** WHAT TO WORK ON **
The lines from the start of the records through the one containing "(l k - l (k - 1))" are to be restated word for word; please include both ends.

** DATA FOR ANALYSIS **

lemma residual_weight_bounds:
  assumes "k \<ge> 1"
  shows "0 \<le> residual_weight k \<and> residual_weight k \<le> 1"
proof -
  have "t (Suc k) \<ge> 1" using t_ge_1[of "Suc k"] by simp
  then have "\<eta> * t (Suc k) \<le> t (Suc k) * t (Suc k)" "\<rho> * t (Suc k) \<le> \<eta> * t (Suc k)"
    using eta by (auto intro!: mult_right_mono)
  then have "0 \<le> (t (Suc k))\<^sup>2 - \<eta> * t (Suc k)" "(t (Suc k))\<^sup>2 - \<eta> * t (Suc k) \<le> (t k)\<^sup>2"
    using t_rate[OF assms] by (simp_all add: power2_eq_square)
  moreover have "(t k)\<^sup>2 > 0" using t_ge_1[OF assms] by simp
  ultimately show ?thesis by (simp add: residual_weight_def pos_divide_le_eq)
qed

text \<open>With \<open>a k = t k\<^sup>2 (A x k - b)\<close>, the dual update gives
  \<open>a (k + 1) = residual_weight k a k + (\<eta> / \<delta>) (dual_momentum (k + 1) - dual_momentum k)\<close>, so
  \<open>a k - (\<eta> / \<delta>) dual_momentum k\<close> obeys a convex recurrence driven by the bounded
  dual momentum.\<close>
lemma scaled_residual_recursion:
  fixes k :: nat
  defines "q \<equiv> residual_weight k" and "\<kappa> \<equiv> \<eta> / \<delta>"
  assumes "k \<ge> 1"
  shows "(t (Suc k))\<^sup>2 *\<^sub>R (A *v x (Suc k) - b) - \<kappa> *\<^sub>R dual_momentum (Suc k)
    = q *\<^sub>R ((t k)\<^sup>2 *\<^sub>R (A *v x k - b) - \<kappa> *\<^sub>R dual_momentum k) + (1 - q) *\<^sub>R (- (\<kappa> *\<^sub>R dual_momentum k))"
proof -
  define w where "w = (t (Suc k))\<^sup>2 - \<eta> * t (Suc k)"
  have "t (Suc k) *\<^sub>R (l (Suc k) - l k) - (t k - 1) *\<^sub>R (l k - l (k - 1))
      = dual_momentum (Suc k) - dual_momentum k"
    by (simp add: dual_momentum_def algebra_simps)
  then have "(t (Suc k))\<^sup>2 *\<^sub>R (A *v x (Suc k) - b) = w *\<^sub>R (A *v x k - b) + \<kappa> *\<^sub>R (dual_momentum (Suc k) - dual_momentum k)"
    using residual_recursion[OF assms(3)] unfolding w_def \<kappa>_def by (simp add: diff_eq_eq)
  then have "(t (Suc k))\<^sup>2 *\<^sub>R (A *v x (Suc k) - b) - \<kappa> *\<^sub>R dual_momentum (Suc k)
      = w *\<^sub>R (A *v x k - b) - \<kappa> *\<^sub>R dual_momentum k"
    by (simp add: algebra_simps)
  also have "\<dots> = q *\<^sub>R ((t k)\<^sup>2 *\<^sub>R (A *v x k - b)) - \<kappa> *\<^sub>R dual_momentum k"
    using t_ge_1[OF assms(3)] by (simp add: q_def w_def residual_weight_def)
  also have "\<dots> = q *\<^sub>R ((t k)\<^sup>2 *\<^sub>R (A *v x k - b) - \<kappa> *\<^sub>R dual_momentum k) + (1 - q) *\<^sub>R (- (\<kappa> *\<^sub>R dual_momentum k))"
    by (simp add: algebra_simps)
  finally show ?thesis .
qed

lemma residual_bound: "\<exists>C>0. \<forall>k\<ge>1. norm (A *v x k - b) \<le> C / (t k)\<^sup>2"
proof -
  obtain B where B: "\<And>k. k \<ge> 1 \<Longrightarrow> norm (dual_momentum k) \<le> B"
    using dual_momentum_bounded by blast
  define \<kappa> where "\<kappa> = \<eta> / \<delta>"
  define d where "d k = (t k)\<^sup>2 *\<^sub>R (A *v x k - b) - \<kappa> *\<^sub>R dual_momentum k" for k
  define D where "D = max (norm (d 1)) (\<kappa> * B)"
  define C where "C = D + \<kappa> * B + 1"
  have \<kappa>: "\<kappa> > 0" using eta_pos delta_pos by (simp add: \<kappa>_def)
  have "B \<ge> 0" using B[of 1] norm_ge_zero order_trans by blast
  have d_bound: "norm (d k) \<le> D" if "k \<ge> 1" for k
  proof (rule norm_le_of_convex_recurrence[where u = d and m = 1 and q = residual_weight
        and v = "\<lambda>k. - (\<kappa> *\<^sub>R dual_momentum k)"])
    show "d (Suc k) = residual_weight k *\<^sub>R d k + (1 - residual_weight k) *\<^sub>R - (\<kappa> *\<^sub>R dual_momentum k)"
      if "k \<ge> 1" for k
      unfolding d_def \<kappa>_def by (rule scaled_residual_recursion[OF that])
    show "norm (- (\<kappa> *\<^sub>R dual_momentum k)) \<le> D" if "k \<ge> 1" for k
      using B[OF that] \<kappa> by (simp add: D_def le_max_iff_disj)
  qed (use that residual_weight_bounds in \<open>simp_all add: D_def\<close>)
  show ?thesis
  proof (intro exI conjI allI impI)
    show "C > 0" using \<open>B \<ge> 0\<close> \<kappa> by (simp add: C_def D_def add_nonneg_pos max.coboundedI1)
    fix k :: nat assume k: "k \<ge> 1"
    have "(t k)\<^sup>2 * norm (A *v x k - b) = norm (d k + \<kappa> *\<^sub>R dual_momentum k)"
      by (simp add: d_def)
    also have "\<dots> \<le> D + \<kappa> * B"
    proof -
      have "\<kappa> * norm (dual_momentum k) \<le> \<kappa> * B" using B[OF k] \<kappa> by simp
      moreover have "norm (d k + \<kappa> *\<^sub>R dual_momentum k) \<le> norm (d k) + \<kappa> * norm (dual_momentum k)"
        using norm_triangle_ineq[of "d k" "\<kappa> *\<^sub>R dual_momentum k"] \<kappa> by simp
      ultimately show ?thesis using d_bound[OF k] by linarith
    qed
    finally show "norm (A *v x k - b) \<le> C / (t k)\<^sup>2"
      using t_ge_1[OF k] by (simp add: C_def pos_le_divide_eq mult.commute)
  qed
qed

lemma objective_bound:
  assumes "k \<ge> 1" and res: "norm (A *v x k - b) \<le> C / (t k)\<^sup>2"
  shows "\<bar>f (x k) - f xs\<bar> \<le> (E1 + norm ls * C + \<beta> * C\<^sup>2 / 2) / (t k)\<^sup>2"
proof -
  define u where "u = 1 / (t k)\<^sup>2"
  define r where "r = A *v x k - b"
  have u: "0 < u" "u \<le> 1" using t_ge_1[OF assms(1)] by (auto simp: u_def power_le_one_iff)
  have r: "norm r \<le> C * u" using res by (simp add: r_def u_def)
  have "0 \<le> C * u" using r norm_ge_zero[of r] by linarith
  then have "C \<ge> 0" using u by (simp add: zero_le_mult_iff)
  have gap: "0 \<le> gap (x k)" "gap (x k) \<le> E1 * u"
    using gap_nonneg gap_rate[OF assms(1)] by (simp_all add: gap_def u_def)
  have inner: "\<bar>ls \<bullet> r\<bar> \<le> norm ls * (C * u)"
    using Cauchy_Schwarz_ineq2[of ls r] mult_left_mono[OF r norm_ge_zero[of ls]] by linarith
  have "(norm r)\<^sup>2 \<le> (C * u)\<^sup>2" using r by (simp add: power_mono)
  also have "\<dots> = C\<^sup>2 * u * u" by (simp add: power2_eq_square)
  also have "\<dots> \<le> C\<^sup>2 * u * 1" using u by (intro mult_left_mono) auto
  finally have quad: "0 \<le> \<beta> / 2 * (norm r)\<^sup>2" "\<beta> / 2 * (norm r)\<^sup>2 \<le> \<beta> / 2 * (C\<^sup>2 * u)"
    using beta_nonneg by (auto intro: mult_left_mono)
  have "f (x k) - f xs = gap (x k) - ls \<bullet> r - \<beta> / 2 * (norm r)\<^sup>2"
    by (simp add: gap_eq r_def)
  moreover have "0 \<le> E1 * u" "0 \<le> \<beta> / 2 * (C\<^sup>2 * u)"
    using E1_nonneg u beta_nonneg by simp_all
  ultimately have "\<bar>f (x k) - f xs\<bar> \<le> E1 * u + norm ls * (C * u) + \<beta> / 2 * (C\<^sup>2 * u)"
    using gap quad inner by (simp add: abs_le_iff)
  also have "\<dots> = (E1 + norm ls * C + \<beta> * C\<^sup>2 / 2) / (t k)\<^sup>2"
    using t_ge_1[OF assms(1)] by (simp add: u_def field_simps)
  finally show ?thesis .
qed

** ANSWER BELOW **
lemma residual_weight_bounds:
  assumes "k \<ge> 1"
  shows "0 \<le> residual_weight k \<and> residual_weight k \<le> 1"
proof -
  have "t (Suc k) \<ge> 1" using t_ge_1[of "Suc k"] by simp
  then have "\<eta> * t (Suc k) \<le> t (Suc k) * t (Suc k)" "\<rho> * t (Suc k) \<le> \<eta> * t (Suc k)"
    using eta by (auto intro!: mult_right_mono)
  then have "0 \<le> (t (Suc k))\<^sup>2 - \<eta> * t (Suc k)" "(t (Suc k))\<^sup>2 - \<eta> * t (Suc k) \<le> (t k)\<^sup>2"
    using t_rate[OF assms] by (simp_all add: power2_eq_square)
  moreover have "(t k)\<^sup>2 > 0" using t_ge_1[OF assms] by simp
  ultimately show ?thesis by (simp add: residual_weight_def pos_divide_le_eq)
qed

text \<open>With \<open>a k = t k\<^sup>2 (A x k - b)\<close>, the dual update gives
  \<open>a (k + 1) = residual_weight k a k + (\<eta> / \<delta>) (dual_momentum (k + 1) - dual_momentum k)\<close>, so
  \<open>a k - (\<eta> / \<delta>) dual_momentum k\<close> obeys a convex recurrence driven by the bounded
  dual momentum.\<close>
lemma scaled_residual_recursion:
  fixes k :: nat
  defines "q \<equiv> residual_weight k" and "\<kappa> \<equiv> \<eta> / \<delta>"
  assumes "k \<ge> 1"
  shows "(t (Suc k))\<^sup>2 *\<^sub>R (A *v x (Suc k) - b) - \<kappa> *\<^sub>R dual_momentum (Suc k)
    = q *\<^sub>R ((t k)\<^sup>2 *\<^sub>R (A *v x k - b) - \<kappa> *\<^sub>R dual_momentum k) + (1 - q) *\<^sub>R (- (\<kappa> *\<^sub>R dual_momentum k))"
proof -
  define w where "w = (t (Suc k))\<^sup>2 - \<eta> * t (Suc k)"
  have "t (Suc k) *\<^sub>R (l (Suc k) - l k) - (t k - 1) *\<^sub>R (l k - l (k - 1))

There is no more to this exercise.